== ACTIVITY ==
As you look over the data below, please find each line where the word "ballI" appears, then copy it.
*** MATERIAL SHOWN Section Begins ***
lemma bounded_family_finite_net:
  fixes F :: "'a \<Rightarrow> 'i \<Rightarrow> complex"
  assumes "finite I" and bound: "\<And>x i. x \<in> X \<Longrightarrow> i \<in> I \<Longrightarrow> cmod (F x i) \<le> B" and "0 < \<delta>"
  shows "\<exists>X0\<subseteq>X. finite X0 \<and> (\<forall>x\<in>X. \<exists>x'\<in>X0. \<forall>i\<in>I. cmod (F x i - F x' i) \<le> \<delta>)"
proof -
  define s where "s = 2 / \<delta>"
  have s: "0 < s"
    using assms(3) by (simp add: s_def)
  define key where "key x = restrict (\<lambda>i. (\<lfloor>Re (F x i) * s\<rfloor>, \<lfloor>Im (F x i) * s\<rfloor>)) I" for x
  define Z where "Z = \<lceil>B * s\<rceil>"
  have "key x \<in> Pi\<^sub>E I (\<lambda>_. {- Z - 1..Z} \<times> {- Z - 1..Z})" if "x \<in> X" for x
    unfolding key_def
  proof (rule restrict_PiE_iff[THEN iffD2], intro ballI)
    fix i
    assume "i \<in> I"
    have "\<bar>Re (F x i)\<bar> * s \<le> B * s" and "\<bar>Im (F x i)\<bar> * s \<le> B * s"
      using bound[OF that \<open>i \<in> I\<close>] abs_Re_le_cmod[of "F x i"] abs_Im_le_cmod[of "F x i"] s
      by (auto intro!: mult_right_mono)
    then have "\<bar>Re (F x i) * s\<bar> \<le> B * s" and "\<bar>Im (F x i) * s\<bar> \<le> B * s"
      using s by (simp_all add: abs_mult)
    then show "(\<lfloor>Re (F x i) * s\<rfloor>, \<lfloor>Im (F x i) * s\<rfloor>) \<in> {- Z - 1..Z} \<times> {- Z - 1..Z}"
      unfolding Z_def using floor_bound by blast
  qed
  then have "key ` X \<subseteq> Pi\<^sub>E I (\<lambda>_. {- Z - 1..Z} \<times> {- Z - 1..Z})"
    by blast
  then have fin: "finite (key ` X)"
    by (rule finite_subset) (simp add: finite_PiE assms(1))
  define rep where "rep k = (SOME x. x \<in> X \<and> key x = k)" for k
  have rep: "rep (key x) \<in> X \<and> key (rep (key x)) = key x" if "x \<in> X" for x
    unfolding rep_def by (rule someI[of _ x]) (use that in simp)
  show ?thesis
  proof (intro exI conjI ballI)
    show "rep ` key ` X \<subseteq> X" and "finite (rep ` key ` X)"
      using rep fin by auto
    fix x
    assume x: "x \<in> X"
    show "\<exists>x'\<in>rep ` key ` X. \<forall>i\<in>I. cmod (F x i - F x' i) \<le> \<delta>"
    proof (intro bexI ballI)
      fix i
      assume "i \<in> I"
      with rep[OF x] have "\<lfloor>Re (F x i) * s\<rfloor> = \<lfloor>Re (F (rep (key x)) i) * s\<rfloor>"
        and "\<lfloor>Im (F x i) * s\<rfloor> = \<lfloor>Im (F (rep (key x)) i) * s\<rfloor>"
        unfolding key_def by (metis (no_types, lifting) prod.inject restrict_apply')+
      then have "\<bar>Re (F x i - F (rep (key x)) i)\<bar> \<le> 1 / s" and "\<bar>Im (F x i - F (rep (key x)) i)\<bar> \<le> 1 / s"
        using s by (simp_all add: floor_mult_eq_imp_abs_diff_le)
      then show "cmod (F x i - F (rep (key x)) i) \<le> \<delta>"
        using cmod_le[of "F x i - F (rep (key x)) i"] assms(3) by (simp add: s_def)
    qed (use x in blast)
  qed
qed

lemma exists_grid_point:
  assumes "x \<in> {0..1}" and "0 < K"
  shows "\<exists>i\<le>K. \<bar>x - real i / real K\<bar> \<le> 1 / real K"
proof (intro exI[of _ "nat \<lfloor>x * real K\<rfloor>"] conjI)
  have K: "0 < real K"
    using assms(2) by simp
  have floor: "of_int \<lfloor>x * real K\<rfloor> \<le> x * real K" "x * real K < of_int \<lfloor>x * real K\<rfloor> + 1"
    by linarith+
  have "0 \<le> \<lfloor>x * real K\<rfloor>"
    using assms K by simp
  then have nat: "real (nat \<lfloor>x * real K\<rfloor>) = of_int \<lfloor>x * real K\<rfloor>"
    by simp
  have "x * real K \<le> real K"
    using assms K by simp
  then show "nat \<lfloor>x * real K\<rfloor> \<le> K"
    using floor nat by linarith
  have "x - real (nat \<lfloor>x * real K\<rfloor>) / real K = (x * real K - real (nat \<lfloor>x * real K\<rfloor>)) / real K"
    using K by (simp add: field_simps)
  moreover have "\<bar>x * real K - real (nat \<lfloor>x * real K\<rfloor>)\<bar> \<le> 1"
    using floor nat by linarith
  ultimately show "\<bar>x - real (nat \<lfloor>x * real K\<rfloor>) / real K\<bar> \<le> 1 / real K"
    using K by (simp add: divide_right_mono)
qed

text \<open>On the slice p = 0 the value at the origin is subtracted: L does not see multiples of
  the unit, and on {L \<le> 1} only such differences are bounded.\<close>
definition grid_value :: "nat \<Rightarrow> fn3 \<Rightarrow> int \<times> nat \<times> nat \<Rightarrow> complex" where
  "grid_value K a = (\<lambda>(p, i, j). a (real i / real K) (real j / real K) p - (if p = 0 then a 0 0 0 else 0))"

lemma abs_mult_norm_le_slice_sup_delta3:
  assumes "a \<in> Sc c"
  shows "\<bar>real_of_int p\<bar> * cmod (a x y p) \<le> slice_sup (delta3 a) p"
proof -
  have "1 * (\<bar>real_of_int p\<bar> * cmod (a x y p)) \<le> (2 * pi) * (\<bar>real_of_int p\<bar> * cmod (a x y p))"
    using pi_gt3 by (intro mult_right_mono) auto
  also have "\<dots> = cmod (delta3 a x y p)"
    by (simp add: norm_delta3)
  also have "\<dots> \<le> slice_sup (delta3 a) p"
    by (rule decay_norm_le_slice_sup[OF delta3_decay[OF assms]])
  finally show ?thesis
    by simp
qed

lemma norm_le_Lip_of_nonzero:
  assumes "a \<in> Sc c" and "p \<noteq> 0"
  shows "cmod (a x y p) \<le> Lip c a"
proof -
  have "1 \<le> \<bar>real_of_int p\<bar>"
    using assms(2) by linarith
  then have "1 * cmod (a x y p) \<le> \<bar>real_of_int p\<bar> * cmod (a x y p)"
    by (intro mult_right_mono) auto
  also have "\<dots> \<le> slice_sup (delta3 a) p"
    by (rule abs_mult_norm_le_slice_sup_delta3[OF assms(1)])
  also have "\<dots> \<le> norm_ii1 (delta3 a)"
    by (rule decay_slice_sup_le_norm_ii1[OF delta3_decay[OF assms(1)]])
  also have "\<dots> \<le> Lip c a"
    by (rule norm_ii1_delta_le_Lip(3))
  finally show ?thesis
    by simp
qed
*** MATERIAL SHOWN Section Ends ***
== ANSWER SPACE ==
  proof (rule restrict_PiE_iff[THEN iffD2], intro ballI)
  proof (intro exI conjI ballI)
    proof (intro bexI ballI)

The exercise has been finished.